Work instruction
From the records below, transcribe only the lines running from the one with "c N :: real" through the one with "N * poly (nu.kernel_poly". Keep both of those end lines.
++++ Exercise data ++++
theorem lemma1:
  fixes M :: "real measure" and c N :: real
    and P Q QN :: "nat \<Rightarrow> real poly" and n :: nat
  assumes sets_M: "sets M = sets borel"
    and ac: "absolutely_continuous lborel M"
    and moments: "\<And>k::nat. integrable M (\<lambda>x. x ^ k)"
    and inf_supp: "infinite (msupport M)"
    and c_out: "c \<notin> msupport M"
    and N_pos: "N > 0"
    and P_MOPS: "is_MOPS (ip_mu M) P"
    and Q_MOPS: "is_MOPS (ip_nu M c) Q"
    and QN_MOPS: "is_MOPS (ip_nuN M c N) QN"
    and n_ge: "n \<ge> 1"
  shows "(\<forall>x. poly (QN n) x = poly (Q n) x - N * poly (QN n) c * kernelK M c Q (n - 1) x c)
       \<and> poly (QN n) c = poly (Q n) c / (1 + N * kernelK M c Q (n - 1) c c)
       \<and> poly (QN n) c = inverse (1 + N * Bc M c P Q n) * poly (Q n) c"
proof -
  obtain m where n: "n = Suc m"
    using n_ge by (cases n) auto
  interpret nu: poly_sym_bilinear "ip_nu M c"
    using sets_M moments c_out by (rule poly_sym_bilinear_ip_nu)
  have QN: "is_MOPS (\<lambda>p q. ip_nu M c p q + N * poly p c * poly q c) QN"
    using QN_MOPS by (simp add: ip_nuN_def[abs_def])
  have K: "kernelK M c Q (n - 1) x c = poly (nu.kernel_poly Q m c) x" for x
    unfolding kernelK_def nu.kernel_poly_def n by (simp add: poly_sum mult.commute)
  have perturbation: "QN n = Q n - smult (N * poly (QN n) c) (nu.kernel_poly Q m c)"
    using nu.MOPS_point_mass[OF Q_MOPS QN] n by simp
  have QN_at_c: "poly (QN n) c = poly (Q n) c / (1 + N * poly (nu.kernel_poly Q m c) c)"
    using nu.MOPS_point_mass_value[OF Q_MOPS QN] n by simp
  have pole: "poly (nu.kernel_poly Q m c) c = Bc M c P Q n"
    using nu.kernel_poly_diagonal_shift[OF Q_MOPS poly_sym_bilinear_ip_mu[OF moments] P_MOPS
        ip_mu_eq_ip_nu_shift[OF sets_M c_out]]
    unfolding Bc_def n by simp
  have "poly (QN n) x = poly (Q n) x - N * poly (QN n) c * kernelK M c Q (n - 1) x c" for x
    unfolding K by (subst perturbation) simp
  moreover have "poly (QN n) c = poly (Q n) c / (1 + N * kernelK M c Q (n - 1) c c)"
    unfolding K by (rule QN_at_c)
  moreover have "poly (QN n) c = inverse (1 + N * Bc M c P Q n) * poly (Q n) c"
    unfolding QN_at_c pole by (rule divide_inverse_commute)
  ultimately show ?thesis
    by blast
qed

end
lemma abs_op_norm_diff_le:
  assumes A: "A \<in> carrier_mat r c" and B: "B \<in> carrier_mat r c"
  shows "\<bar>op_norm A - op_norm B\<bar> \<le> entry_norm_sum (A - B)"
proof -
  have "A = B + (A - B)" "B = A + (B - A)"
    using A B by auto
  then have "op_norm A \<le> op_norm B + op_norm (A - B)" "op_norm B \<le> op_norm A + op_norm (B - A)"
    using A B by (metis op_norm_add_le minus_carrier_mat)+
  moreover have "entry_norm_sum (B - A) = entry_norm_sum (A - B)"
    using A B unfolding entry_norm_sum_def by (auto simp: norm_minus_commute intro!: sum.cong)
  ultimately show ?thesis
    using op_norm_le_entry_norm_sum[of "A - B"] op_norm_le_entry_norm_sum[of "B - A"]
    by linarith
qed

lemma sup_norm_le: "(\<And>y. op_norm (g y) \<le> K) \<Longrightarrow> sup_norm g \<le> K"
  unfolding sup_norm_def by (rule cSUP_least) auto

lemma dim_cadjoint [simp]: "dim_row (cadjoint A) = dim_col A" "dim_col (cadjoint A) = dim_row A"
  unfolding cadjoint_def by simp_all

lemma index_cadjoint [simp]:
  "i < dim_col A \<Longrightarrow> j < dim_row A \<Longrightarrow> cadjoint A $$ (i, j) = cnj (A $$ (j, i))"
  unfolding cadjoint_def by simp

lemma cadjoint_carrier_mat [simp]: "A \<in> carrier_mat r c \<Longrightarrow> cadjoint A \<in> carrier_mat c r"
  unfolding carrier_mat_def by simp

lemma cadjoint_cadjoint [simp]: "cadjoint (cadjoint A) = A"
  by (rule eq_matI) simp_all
++++
Exercise response
  fixes M :: "real measure" and c N :: real
    and P Q QN :: "nat \<Rightarrow> real poly" and n :: nat
  assumes sets_M: "sets M = sets borel"
    and ac: "absolutely_continuous lborel M"
    and moments: "\<And>k::nat. integrable M (\<lambda>x. x ^ k)"
    and inf_supp: "infinite (msupport M)"
    and c_out: "c \<notin> msupport M"
    and N_pos: "N > 0"
    and P_MOPS: "is_MOPS (ip_mu M) P"
    and Q_MOPS: "is_MOPS (ip_nu M c) Q"
    and QN_MOPS: "is_MOPS (ip_nuN M c N) QN"
    and n_ge: "n \<ge> 1"
  shows "(\<forall>x. poly (QN n) x = poly (Q n) x - N * poly (QN n) c * kernelK M c Q (n - 1) x c)
       \<and> poly (QN n) c = poly (Q n) c / (1 + N * kernelK M c Q (n - 1) c c)
       \<and> poly (QN n) c = inverse (1 + N * Bc M c P Q n) * poly (Q n) c"
proof -
  obtain m where n: "n = Suc m"
    using n_ge by (cases n) auto
  interpret nu: poly_sym_bilinear "ip_nu M c"
    using sets_M moments c_out by (rule poly_sym_bilinear_ip_nu)
  have QN: "is_MOPS (\<lambda>p q. ip_nu M c p q + N * poly p c * poly q c) QN"
    using QN_MOPS by (simp add: ip_nuN_def[abs_def])
  have K: "kernelK M c Q (n - 1) x c = poly (nu.kernel_poly Q m c) x" for x
    unfolding kernelK_def nu.kernel_poly_def n by (simp add: poly_sum mult.commute)
  have perturbation: "QN n = Q n - smult (N * poly (QN n) c) (nu.kernel_poly Q m c)"
    using nu.MOPS_point_mass[OF Q_MOPS QN] n by simp
  have QN_at_c: "poly (QN n) c = poly (Q n) c / (1 + N * poly (nu.kernel_poly Q m c) c)"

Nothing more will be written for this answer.